(* Fix $\vartheta_1\in(0,\pi/2)$. The function $\Phi$ is increasing on $[\vartheta_1,\pi/2]$, with $\Phi(\vartheta_1)=0$ and $\Phi(\pi/2)=\frac{\pi}{2}(1-\cos\vartheta_1)$.
   Context: For integers $k\ge0$ let $I_k=[\vartheta_1+k\pi,(k+1)\pi-\vartheta_1]$ (so $|\sin\eta|\ge\sin\vartheta_1$ on $I_k$). For $\eta\in I_k$ set $\gamma(\eta)=\sqrt{1-\sin^2\vartheta_1/\sin^2\eta}\in[0,1)$ and $$\Phi(\eta)=-\eta\,\gamma(\eta)+k\pi+\arccos\Big(\frac{\cos(\eta-k\pi)}{\cos\vartheta_1}\Big),\qquad \arccos\in[0,\pi].$$ *)

theory Defs
  imports "HOL-Analysis.Analysis"
begin

definition gamma_fn :: "real \<Rightarrow> real \<Rightarrow> real" where
  "gamma_fn th1 eta = sqrt (1 - (sin th1)^2 / (sin eta)^2)"

text \<open>Phi on the interval I_k (k is the index of the interval containing eta).\<close>
definition Phi :: "real \<Rightarrow> nat \<Rightarrow> real \<Rightarrow> real" where
  "Phi th1 k eta = - eta * gamma_fn th1 eta + real k * pi
     + arccos (cos (eta - real k * pi) / cos th1)"

end

theory Submission
  imports Defs
begin

text \<open>With \<open>s = sin \<vartheta>\<^sub>1\<close> and \<open>\<gamma> = gamma_fn \<vartheta>\<^sub>1 \<eta>\<close>, the identity
  \<open>sqrt (1 - (cos \<eta> / cos \<vartheta>\<^sub>1)\<^sup>2) = \<gamma> sin \<eta> / cos \<vartheta>\<^sub>1\<close> makes the arccos term contribute
  \<open>1/\<gamma>\<close> to \<open>\<Phi>'\<close>, and \<open>1/\<gamma> - \<gamma> = s\<^sup>2/(\<gamma> sin\<^sup>2 \<eta>)\<close>.  Altogether
  \<open>\<Phi>'(\<eta>) = s\<^sup>2/(\<gamma> sin\<^sup>2 \<eta>) \<cdot> (1 - \<eta> cot \<eta>)\<close>, which is positive on \<open>(\<vartheta>\<^sub>1, \<pi>/2)\<close> since
  \<open>\<eta> cos \<eta> < sin \<eta>\<close> there.  The boundary values are immediate:
  \<open>\<gamma>(\<vartheta>\<^sub>1) = 0\<close> and \<open>\<gamma>(\<pi>/2) = cos \<vartheta>\<^sub>1\<close>.\<close>

lemma x_cos_less_sin:
  fixes x :: real
  assumes "0 < x" "x < pi/2"
  shows "x * cos x < sin x"
proof -
  have "(\<lambda>y. sin y - y * cos y) 0 < (\<lambda>y. sin y - y * cos y) x"
  proof (rule DERIV_pos_imp_increasing_open[OF assms(1)])
    fix y :: real
    assume y: "0 < y" "y < x"
    show "\<exists>d. ((\<lambda>y. sin y - y * cos y) has_real_derivative d) (at y) \<and> d > 0"
    proof (intro exI conjI)
      show "((\<lambda>y. sin y - y * cos y) has_real_derivative y * sin y) (at y)"
        by (rule derivative_eq_intros refl | simp)+
      show "y * sin y > 0"
        using y assms by (simp add: sin_gt_zero)
    qed
  qed (intro continuous_intros)
  then show ?thesis by simp
qed

lemma sin_ratio_less_one:
  fixes t x :: real
  assumes "(sin t)^2 < (sin x)^2"
  shows "(sin t)^2 / (sin x)^2 < 1"
  using assms by (simp add: divide_less_eq_1)

lemma gamma_fn_pos:
  assumes "(sin t)^2 < (sin x)^2"
  shows "gamma_fn t x > 0"
  using sin_ratio_less_one[OF assms] unfolding gamma_fn_def by simp

lemma gamma_fn_squared:
  assumes "(sin t)^2 < (sin x)^2"
  shows "(gamma_fn t x)^2 = 1 - (sin t)^2 / (sin x)^2"
  using sin_ratio_less_one[OF assms] unfolding gamma_fn_def by simp

lemma has_real_derivative_gamma_fn:
  assumes "(sin t)^2 < (sin x)^2"
  shows "(gamma_fn t has_real_derivative
           (sin t)^2 * cos x / (gamma_fn t x * (sin x)^3)) (at x)"
proof -
  have sx: "sin x \<noteq> 0"
    using assms by auto
  have "((\<lambda>x. 1 - (sin t)^2 / (sin x)^2) has_real_derivative
          2 * (sin t)^2 * cos x / (sin x)^3) (at x)"
    by (rule derivative_eq_intros refl | use sx in \<open>simp add: field_simps power_def\<close>)+
  from DERIV_chain2[OF DERIV_real_sqrt this]
  show ?thesis
    using gamma_fn_pos[OF assms] sin_ratio_less_one[OF assms]
    by (simp add: gamma_fn_def[abs_def] field_simps)
qed

lemma sqrt_one_minus_cos_ratio_squared:
  assumes "cos t > 0" "sin x > 0" "(sin t)^2 < (sin x)^2"
  shows "sqrt (1 - (cos x / cos t)^2) = gamma_fn t x * sin x / cos t"
proof (rule real_sqrt_unique)
  have "(gamma_fn t x)^2 * (sin x)^2 = (sin x)^2 - (sin t)^2"
    using assms by (simp add: gamma_fn_squared field_simps)
  then have "(gamma_fn t x * sin x)^2 = (cos t)^2 - (cos x)^2"
    unfolding power_mult_distrib using sin_cos_squared_add[of t] sin_cos_squared_add[of x]
    by linarith
  then show "(gamma_fn t x * sin x / cos t)^2 = 1 - (cos x / cos t)^2"
    using assms by (simp add: power_divide field_simps)
  show "0 \<le> gamma_fn t x * sin x / cos t"
    using assms gamma_fn_pos[OF assms(3)] by simp
qed

lemma has_real_derivative_arccos_cos_ratio:
  assumes "cos t > 0" "sin x > 0" "(sin t)^2 < (sin x)^2"
  shows "((\<lambda>x. arccos (cos x / cos t)) has_real_derivative 1 / gamma_fn t x) (at x)"
proof -
  have "(cos x)^2 < (cos t)^2"
    using assms sin_cos_squared_add[of t] sin_cos_squared_add[of x] by linarith
  then have "(cos x / cos t)^2 < 1"
    using assms by (simp add: power_divide)
  then have "\<bar>cos x / cos t\<bar> < 1"
    by (simp only: abs_square_less_1)
  then have "- 1 < cos x / cos t" "cos x / cos t < 1"
    by linarith+
  then have "((\<lambda>x. arccos (cos x / cos t)) has_real_derivative
      inverse (- sqrt (1 - (cos x / cos t)^2)) * (- sin x / cos t)) (at x)"
    using assms(1) by (intro DERIV_chain2[OF DERIV_arccos] derivative_eq_intros refl) auto
  then show ?thesis
    unfolding sqrt_one_minus_cos_ratio_squared[OF assms]
    using assms gamma_fn_pos[OF assms(3)] by (simp add: field_simps)
qed

lemma Phi_zero: "Phi t 0 x = - x * gamma_fn t x + arccos (cos x / cos t)"
  by (simp add: Phi_def)

lemma has_real_derivative_Phi_zero:
  assumes "cos t > 0" "sin x > 0" "(sin t)^2 < (sin x)^2"
  shows "(Phi t 0 has_real_derivative
           (sin t)^2 / (gamma_fn t x * (sin x)^2) * (1 - x * cos x / sin x)) (at x)"
proof -
  have "(Phi t 0 has_real_derivative
      - gamma_fn t x - x * ((sin t)^2 * cos x / (gamma_fn t x * (sin x)^3))
      + 1 / gamma_fn t x) (at x)"
    unfolding Phi_zero[abs_def]
    by (rule derivative_eq_intros has_real_derivative_gamma_fn
        has_real_derivative_arccos_cos_ratio refl assms | simp)+
  also have "- gamma_fn t x - x * ((sin t)^2 * cos x / (gamma_fn t x * (sin x)^3))
      + 1 / gamma_fn t x
      = (1 - (gamma_fn t x)^2) / gamma_fn t x - x * ((sin t)^2 * cos x / (gamma_fn t x * (sin x)^3))"
    using gamma_fn_pos[OF assms(3)] by (simp add: field_simps power2_eq_square)
  also have "\<dots> = (sin t)^2 / (gamma_fn t x * (sin x)^2) * (1 - x * cos x / sin x)"
    unfolding gamma_fn_squared[OF assms(3)] using assms gamma_fn_pos[OF assms(3)]
    by (simp add: field_simps power2_eq_square power3_eq_cube)
  finally show ?thesis .
qed

lemma DERIV_pos_imp_strict_mono_on:
  fixes f :: "real \<Rightarrow> real"
  assumes "continuous_on {a..b} f"
    and "\<And>x. a < x \<Longrightarrow> x < b \<Longrightarrow> \<exists>d. (f has_real_derivative d) (at x) \<and> d > 0"
  shows "strict_mono_on {a..b} f"
proof (rule strict_mono_onI)
  fix x y
  assume xy: "x \<in> {a..b}" "y \<in> {a..b}" "x < y"
  then have "continuous_on {x..y} f"
    by (auto intro: continuous_on_subset[OF assms(1)])
  moreover have "\<exists>d. (f has_real_derivative d) (at z) \<and> d > 0" if "x < z" "z < y" for z
    using xy that by (intro assms(2)) auto
  ultimately show "f x < f y"
    using DERIV_pos_imp_increasing_open[OF \<open>x < y\<close>] by blast
qed

lemma continuous_on_Phi_zero:
  assumes "0 < t" "t < pi/2"
  shows "continuous_on {t..pi/2} (Phi t 0)"
proof -
  have ct: "cos t > 0"
    using assms by (simp add: cos_gt_zero_pi)
  have "sin x \<noteq> 0 \<and> - 1 \<le> cos x / cos t \<and> cos x / cos t \<le> 1" if "x \<in> {t..pi/2}" for x
  proof -
    have "sin x > 0" "0 \<le> cos x" "cos x \<le> cos t"
      using that assms by (auto intro!: sin_gt_zero cos_ge_zero cos_monotone_0_pi_le)
    then show ?thesis
      using ct by (simp add: divide_le_eq_1 order.trans[of "-1" 0])
  qed
  then show ?thesis
    using ct unfolding Phi_zero[abs_def] gamma_fn_def by (auto intro!: continuous_intros)
qed

lemma strict_mono_on_Phi_zero:
  assumes "0 < t" "t < pi/2"
  shows "strict_mono_on {t..pi/2} (Phi t 0)"
proof (rule DERIV_pos_imp_strict_mono_on[OF continuous_on_Phi_zero[OF assms]])
  fix x
  assume x: "t < x" "x < pi/2"
  have ct: "cos t > 0"
    using assms by (simp add: cos_gt_zero_pi)
  have st: "sin t > 0" and "sin t < sin x"
    using assms x by (simp_all add: sin_gt_zero sin_monotone_2pi)
  then have sx: "sin x > 0" and sq: "(sin t)^2 < (sin x)^2"
    by (simp_all add: power_strict_mono)
  have "1 - x * cos x / sin x > 0"
    using x_cos_less_sin[of x] x assms sx by (simp add: field_simps)
  then have "(sin t)^2 / (gamma_fn t x * (sin x)^2) * (1 - x * cos x / sin x) > 0"
    using st sx gamma_fn_pos[OF sq] by simp
  then show "\<exists>d. (Phi t 0 has_real_derivative d) (at x) \<and> d > 0"
    using has_real_derivative_Phi_zero[OF ct sx sq] by blast
qed

lemma Phi_zero_left_endpoint:
  assumes "sin t \<noteq> 0" "cos t \<noteq> 0"
  shows "Phi t 0 t = 0"
  using assms by (simp add: Phi_zero gamma_fn_def)

lemma Phi_zero_pi_half:
  assumes "cos t \<ge> 0"
  shows "Phi t 0 (pi/2) = pi / 2 * (1 - cos t)"
proof -
  have "gamma_fn t (pi/2) = cos t"
    using assms by (simp add: gamma_fn_def cos_squared_eq[symmetric])
  then show ?thesis
    by (simp add: Phi_zero algebra_simps)
qed

theorem lemma5p7:
  fixes th1 :: real
  assumes "0 < th1" and "th1 < pi / 2"
  shows "strict_mono_on {th1..pi/2} (Phi th1 0)
    \<and> Phi th1 0 th1 = 0
    \<and> Phi th1 0 (pi/2) = pi / 2 * (1 - cos th1)"
proof -
  have "sin th1 > 0" "cos th1 > 0"
    using assms by (simp_all add: sin_gt_zero cos_gt_zero_pi)
  then show ?thesis
    using strict_mono_on_Phi_zero[OF assms] Phi_zero_left_endpoint Phi_zero_pi_half by simp
qed

end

- - - -

In the listing above, locate each line with "that" and copy it.

    using xy that by (intro assms(2)) auto
      using that assms by (auto intro!: sin_gt_zero cos_ge_zero cos_monotone_0_pi_le)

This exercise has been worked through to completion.